Department of Medicine, University of Alabama at Birmingham, Birmingham, AL, USA.
Department of Biochemistry and Molecular Genetics, Schools of Medicine and Dentistry, University of Alabama at Birmingham, Birmingham, AL, USA.
Mucosal Immunol. 2024 Oct;17(5):958-972. doi: 10.1016/j.mucimm.2024.06.009. Epub 2024 Jun 28.

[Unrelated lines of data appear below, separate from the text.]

(* Let $E\subset\mathbb{R}^2$ be a set of finite perimeter with $|E|=1$ and let $R=[-\frac a2,\frac a2]\times[-\frac b2,\frac b2]$ be the axis-parallel rectangle with barycenter $(0,0)$, horizontal sidelength $a>0$, vertical sidelength $b>0$ and $|R|=ab=1$. Then for every $\eta\in\{\pm e_1,\pm e_2\}$, $$\mathcal{D}(E,R)\ \ge\ \mathcal{D}(E^{\eta},R).$$
   Context: $\{e_1,e_2\}$ is the canonical basis of $\mathbb{R}^2$; $|z|_\infty=\max\{|z_1|,|z_2|\}$. For $F\subset\mathbb{R}^2$, $d_\infty(z,\partial F)=\inf\{|z-\hat z|_\infty:\hat z\in\partial F\}$, and for measurable $E,F$ the dissipation is $\mathcal{D}(E,F)=\int_{E\triangle F}d_\infty(z,\partial F)\,dz$. For $\eta\in\mathcal S^1$, $\eta^\perp\in\mathcal S^1$ is the unit vector orthogonal to $\eta$ with $\{\eta,\eta^\perp\}$ positively oriented, $\mathbf p_\nu$ denotes the orthogonal projection onto the line spanned by $\nu$; the section of $E$ is $E^\eta_z=\{t\in\mathbb{R}:\mathbf p_{\eta^\perp}z+t\eta\in E\}$ and the Steiner symmetrization of $E$ in direction $\eta$ is $E^\eta=\{z\in\mathbb{R}^2:|\mathbf p_\eta z|\le \mathcal L^1(E^\eta_z)/2\}$. *)

theory Defs
  imports "HOL-Analysis.Analysis"
begin

definition linf :: "real \<times> real \<Rightarrow> real" where
  "linf z = max \<bar>fst z\<bar> \<bar>snd z\<bar>"

definition dist_inf_bd :: "(real \<times> real) set \<Rightarrow> real \<times> real \<Rightarrow> real" where
  "dist_inf_bd F z = Inf {linf (z - w) | w. w \<in> frontier F}"

definition dissipation :: "(real \<times> real) set \<Rightarrow> (real \<times> real) set \<Rightarrow> ennreal" where
  "dissipation E F = (\<integral>\<^sup>+ z \<in> (E - F) \<union> (F - E). ennreal (dist_inf_bd F z) \<partial>lebesgue)"

definition perp :: "real \<times> real \<Rightarrow> real \<times> real" where
  "perp v = (- snd v, fst v)"

definition proj :: "real \<times> real \<Rightarrow> real \<times> real \<Rightarrow> real \<times> real" where
  "proj nu z = (z \<bullet> nu) *\<^sub>R nu"

definition line_section :: "(real \<times> real) set \<Rightarrow> real \<times> real \<Rightarrow> real \<times> real \<Rightarrow> real set" where
  "line_section E eta z = {t. proj (perp eta) z + t *\<^sub>R eta \<in> E}"

definition steiner :: "(real \<times> real) set \<Rightarrow> real \<times> real \<Rightarrow> (real \<times> real) set" where
  "steiner E eta = {z. ennreal (2 * norm (proj eta z)) \<le> emeasure lebesgue (line_section E eta z)}"

definition admissible_field ::
  "(real \<times> real \<Rightarrow> real \<times> real) \<Rightarrow> (real \<times> real \<Rightarrow> real \<times> real \<Rightarrow> real \<times> real) \<Rightarrow> bool" where
  "admissible_field \<phi> D \<longleftrightarrow>
     (\<forall>x. (\<phi> has_derivative D x) (at x)) \<and>
     (\<forall>v. continuous_on UNIV (\<lambda>x. D x v)) \<and>
     bounded {x. \<phi> x \<noteq> 0} \<and>
     (\<forall>x. norm (\<phi> x) \<le> 1)"

definition divergence :: "(real \<times> real \<Rightarrow> real \<times> real \<Rightarrow> real \<times> real) \<Rightarrow> real \<times> real \<Rightarrow> real" where
  "divergence D x = fst (D x (1, 0)) + snd (D x (0, 1))"

definition perimeter :: "(real \<times> real) set \<Rightarrow> ereal" where
  "perimeter E = (SUP (\<phi>, D) \<in> {(\<phi>, D). admissible_field \<phi> D}.
                    ereal (integral\<^sup>L lebesgue (\<lambda>x. indicator E x * divergence D x)))"

definition finite_perimeter :: "(real \<times> real) set \<Rightarrow> bool" where
  "finite_perimeter E \<longleftrightarrow> E \<in> sets lebesgue \<and> perimeter E < \<infinity>"

end

theory Submission
  imports Defs
begin

(* For the centred box R = [-a/2, a/2] x [-b/2, b/2] the l-infinity distance to the boundary of R
   is |sigma| with sigma (x, y) = max (|x| - a/2) (|y| - b/2), and R = {sigma <= 0}; hence
   D(E, R) is the integral of |sigma| over sym_diff E {sigma <= 0}.  On every horizontal (vertical)
   line sigma is even and nondecreasing in |t|, and Steiner symmetrisation in direction +-e1 (+-e2)
   replaces the section of E on that line by the centred interval of the same length.  By Tonelli
   it therefore suffices to prove a one-dimensional bathtub principle: for g even and nondecreasing
   in |t|, the centred interval I with |I| = |A| minimises the integral of |g| over
   sym_diff A {g <= 0}. *)

definition signed_dist_box :: "real \<Rightarrow> real \<Rightarrow> real \<times> real \<Rightarrow> real" where
  "signed_dist_box \<alpha> \<beta> z = max (\<bar>fst z\<bar> - \<alpha>) (\<bar>snd z\<bar> - \<beta>)"

lemma mem_box_iff_signed_dist_box:
  "z \<in> {-\<alpha>..\<alpha>} \<times> {-\<beta>..\<beta>} \<longleftrightarrow> signed_dist_box \<alpha> \<beta> z \<le> 0"
  by (cases z) (auto simp: signed_dist_box_def abs_le_iff)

Intestinal stromal cells (SCs), which synthesize the extracellular matrix that gives the mucosa its structure, are newly appreciated to play a role in mucosal inflammation. Here, we show that human intestinal vimentinCD90smooth muscle actin SCs synthesize retinoic acid (RA) at levels equivalent to intestinal epithelial cells, a function in the human intestine previously attributed exclusively to epithelial cells. Crohn's disease SCs (Crohn's SCs), however, synthesized markedly less RA than SCs from healthy intestine (normal SCs). We also show that microbe-stimulated Crohn's SCs, which are more inflammatory than stimulated normal SCs, induced less RA-regulated differentiation of mucosal dendritic cells (DCs) (circulating pre-DCs and monocyte-derived DCs), leading to the generation of more potent inflammatory interferon-γ/interleukin-17 T cells than normal SCs. Explaining these results, Crohn's SCs expressed more DHRS3, a retinaldehyde reductase that inhibits retinol conversion to retinal and, thus, synthesized less RA than normal SCs. These findings uncover a microbe-SC-DC crosstalk in which luminal microbes induce Crohn's disease SCs to initiate and perpetuate inflammation through impaired synthesis of RA.
肠基质细胞(SCs)合成细胞外基质,为黏膜提供结构,它们在黏膜炎症中发挥作用。在这里,我们发现人肠间充质干细胞(SCs)合成维甲酸(RA)的水平与肠上皮细胞相当,这一功能以前被认为是肠上皮细胞所特有的。然而,与来自健康肠道的 SCs(正常 SCs)相比,克罗恩病 SCs(克罗恩病 SCs)合成的 RA 明显较少。我们还表明,与受刺激的正常 SCs 相比,受微生物刺激的克罗恩病 SCs 具有更强的炎症反应,诱导黏膜树突状细胞(DCs)分化的 RA 减少(循环前 DC 和单核细胞衍生的 DCs),导致比正常 SCs 产生更强的炎症性干扰素-γ/白细胞介素-17 T 细胞。解释这些结果,克罗恩病 SCs 表达更多的视黄醛还原酶 DHRS3,它抑制视黄醇转化为视黄醛,因此比正常 SCs 合成的 RA 少。这些发现揭示了一种微生物-SC-DC 相互作用,其中腔微生物诱导克罗恩病 SCs 通过受损的 RA 合成启动和持续炎症。